The preface is admirably detailed and scholarly, and tells the reader almost everything one might want to know about the manuscript. A description of the physical aspects of the volume includes information about such matters as its size, pagination, watermark, stave rulings, and ink colour, though more technical bibliographical matters such as the gathering structure and the positioning of the watermark are perhaps wisely omitted. There are also discussions of the music and aspects of performance practice, and an indication of the editorial methods used.
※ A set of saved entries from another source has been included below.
lemma hilbert_dist_exit_times:
  fixes y z :: "real^'n"
  assumes pcd: "properly_convex_domain \<Omega>"
    and y: "y \<in> half_cone \<Omega> (chart \<Omega>)" and z: "z \<in> half_cone \<Omega> (chart \<Omega>)"
    and PQ: "chart_point (chart \<Omega>) y \<noteq> chart_point (chart \<Omega>) z"
  defines "s \<equiv> exit_time \<Omega> (chart \<Omega>) (chart_point (chart \<Omega>) y) (chart_point (chart \<Omega>) z)"
    and "t \<equiv> exit_time \<Omega> (chart \<Omega>) (chart_point (chart \<Omega>) z) (chart_point (chart \<Omega>) y)"
  shows "s > 0" "t > 0" "hilbert_dist \<Omega> y z = ln ((1 + s) / s * ((1 + t) / t)) / 2"
proof -
  note \<Omega> = properly_convex_domainD[OF pcd]
  define P Q where "P = chart_point (chart \<Omega>) y" and "Q = chart_point (chart \<Omega>) z"
  note P = chart_point_in_chart[OF \<Omega>(1) y, folded P_def]
  note Q = chart_point_in_chart[OF \<Omega>(1) z, folded Q_def]
  show s: "s > 0" and t: "t > 0" unfolding s_def t_def P_def[symmetric] Q_def[symmetric]
    using exit_time_pos(3)[OF \<Omega>(4,2) P Q(2)] exit_time_pos(3)[OF \<Omega>(4,2) Q P(2)] PQ
    unfolding P_def Q_def by auto
  let ?p = "P + s *\<^sub>R (P - Q)" and ?q = "Q + t *\<^sub>R (Q - P)"
  have n: "norm (P - Q) > 0" using PQ unfolding P_def Q_def by simp
  have "hilbert_dist \<Omega> y z = 1/2 * ln ((dist P ?q * dist Q ?p) / (dist P ?p * dist Q ?q))"
    using PQ unfolding hilbert_dist_def Let_def chart_def[symmetric] P_def Q_def chart_point_def
      s_def t_def exit_time_def exit_params_def by simp
  moreover have "dist P ?q = (1 + t) * norm (P - Q)"
  proof -
    have "P - ?q = (1 + t) *\<^sub>R (P - Q)" by (simp add: algebra_simps)
    thus ?thesis using t unfolding dist_norm by simp
  qed
  moreover have "dist Q ?p = (1 + s) * norm (P - Q)"
  proof -
    have "Q - ?p = - ((1 + s) *\<^sub>R (P - Q))" by (simp add: algebra_simps)
    thus ?thesis using s unfolding dist_norm by (simp only: norm_minus_cancel) simp
  qed
  moreover have "dist P ?p = s * norm (P - Q)" "dist Q ?q = t * norm (P - Q)"
    using s t unfolding dist_norm by (simp_all add: norm_minus_commute)
  ultimately have "hilbert_dist \<Omega> y z = 1/2 * ln (((1 + t) * norm (P - Q)) * ((1 + s) * norm (P - Q))
      / ((s * norm (P - Q)) * (t * norm (P - Q))))" by simp
  also have "((1 + t) * norm (P - Q)) * ((1 + s) * norm (P - Q)) / ((s * norm (P - Q)) * (t * norm (P - Q)))
      = (1 + s) / s * ((1 + t) / t)"
    using n s t by (simp add: field_simps)
  finally show "hilbert_dist \<Omega> y z = ln ((1 + s) / s * ((1 + t) / t)) / 2" by simp
qed

lemma ratio_le_iff: "(s::real) \<ge> 0 \<Longrightarrow> c < 1 \<Longrightarrow> s / (1 + s) \<le> c \<longleftrightarrow> s \<le> c / (1 - c)"
  and ratio_less_iff: "(s::real) \<ge> 0 \<Longrightarrow> c < 1 \<Longrightarrow> s / (1 + s) < c \<longleftrightarrow> s < c / (1 - c)"
  by (auto simp: field_simps)

lemma Sup_ratio_ge:
  fixes X :: "real set"
  assumes bdd: "bdd_above X" and ne: "X \<noteq> {}" and S: "Sup X > 0" and c: "c > 0"
    and le: "\<And>s. s \<in> X \<Longrightarrow> s \<ge> 0 \<and> s / (1 + s) \<le> c"
  shows "1 / c \<le> (1 + Sup X) / Sup X"
proof -
  have eq: "(1 + Sup X) / Sup X = 1 + 1 / Sup X" using S by (simp add: field_simps)
  show ?thesis
  proof (cases "c < 1")
    case True
    have "Sup X \<le> c / (1 - c)" using ne le ratio_le_iff[OF _ True] by (intro cSup_least) auto
    hence "(1 - c) / c \<le> 1 / Sup X" using S c True by (simp add: field_simps)
    thus ?thesis unfolding eq using c by (simp add: field_simps)
  next
    case False
    hence "1 / c \<le> 1" by simp
    moreover have "0 < 1 / Sup X" using S by simp
    ultimately show ?thesis unfolding eq by linarith
  qed
qed

lemma Sup_ratio_le:
  fixes X :: "real set"
  assumes bdd: "bdd_above X" and X0: "0 \<in> X" and c: "c > 0"
    and mem: "\<And>s. s \<ge> 0 \<Longrightarrow> s / (1 + s) < c \<Longrightarrow> s \<in> X"
  shows "(1 + Sup X) / Sup X \<le> 1 / c"
proof -
  obtain B where B: "\<And>s. s \<in> X \<Longrightarrow> s \<le> B" using bdd by (auto simp: bdd_above_def)
  have c1: "c < 1"
  proof (rule ccontr)
    assume "\<not> c < 1"
    define s where "s = max B 0 + 1"
    have s0: "s \<ge> 0" and "s / (1 + s) < 1" unfolding s_def by auto
    hence "s / (1 + s) < c" using \<open>\<not> c < 1\<close> by linarith
    hence "s \<in> X" by (rule mem[OF s0])
    thus False using B unfolding s_def by fastforce
  qed
  have "c / (1 - c) \<le> Sup X"
  proof (rule dense_le_bounded[of 0])
    show "0 < c / (1 - c)" using c c1 by simp
    fix s assume "0 < s" "s < c / (1 - c)"
    hence "s \<in> X" using mem ratio_less_iff[OF _ c1] by auto
    thus "s \<le> Sup X" using bdd by (rule cSup_upper)
  qed
  moreover have cpos: "c / (1 - c) > 0" using c c1 by simp
  ultimately have S: "Sup X > 0" by linarith
  have "1 / Sup X \<le> 1 / (c / (1 - c))"
    using divide_left_mono[OF \<open>c / (1 - c) \<le> Sup X\<close>, of 1] mult_pos_pos[OF S cpos] by simp
  moreover have "(1 + Sup X) / Sup X = 1 + 1 / Sup X" using S by (simp add: field_simps)
  moreover have "1 + 1 / (c / (1 - c)) = 1 / c" using c c1 by (simp add: field_simps)
  ultimately show ?thesis by linarith
qed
Hogwood has clearly made considerable efforts to identify the music, but he has found fewer than a dozen works in other sources, and with some of these the version here is rather different from those elsewhere. Piece no. 33 in G, for example, which here bears the title 'An Eare [ = Air] or a Courante', appears in Musicks Hand-maide (1663) in D entitled 'Coranto La Chabotte', with a somewhat different melodic line and very different accompaniment.

The only composers identified so far through concordances are Lully, represented by a single arrangement from Atys; Thomas Farmer, whose overture published in 1686 appears here in a keyboard arrangement (Hogwood also includes the original version for strings in an appendix); and the elusive La Barre, whose works can be found in both French and English sources but sometimes with conflicting ascriptions. My own search for further concordances, among my records of numerous English sources, failed to find any missed by Hogwood. And although some of the titles are French, for example 'allemande' rather than 'almand', and the ornamentation is a mixture of English and French symbols (sometimes in the same piece!), hardly any of the music can be found in known French sources either.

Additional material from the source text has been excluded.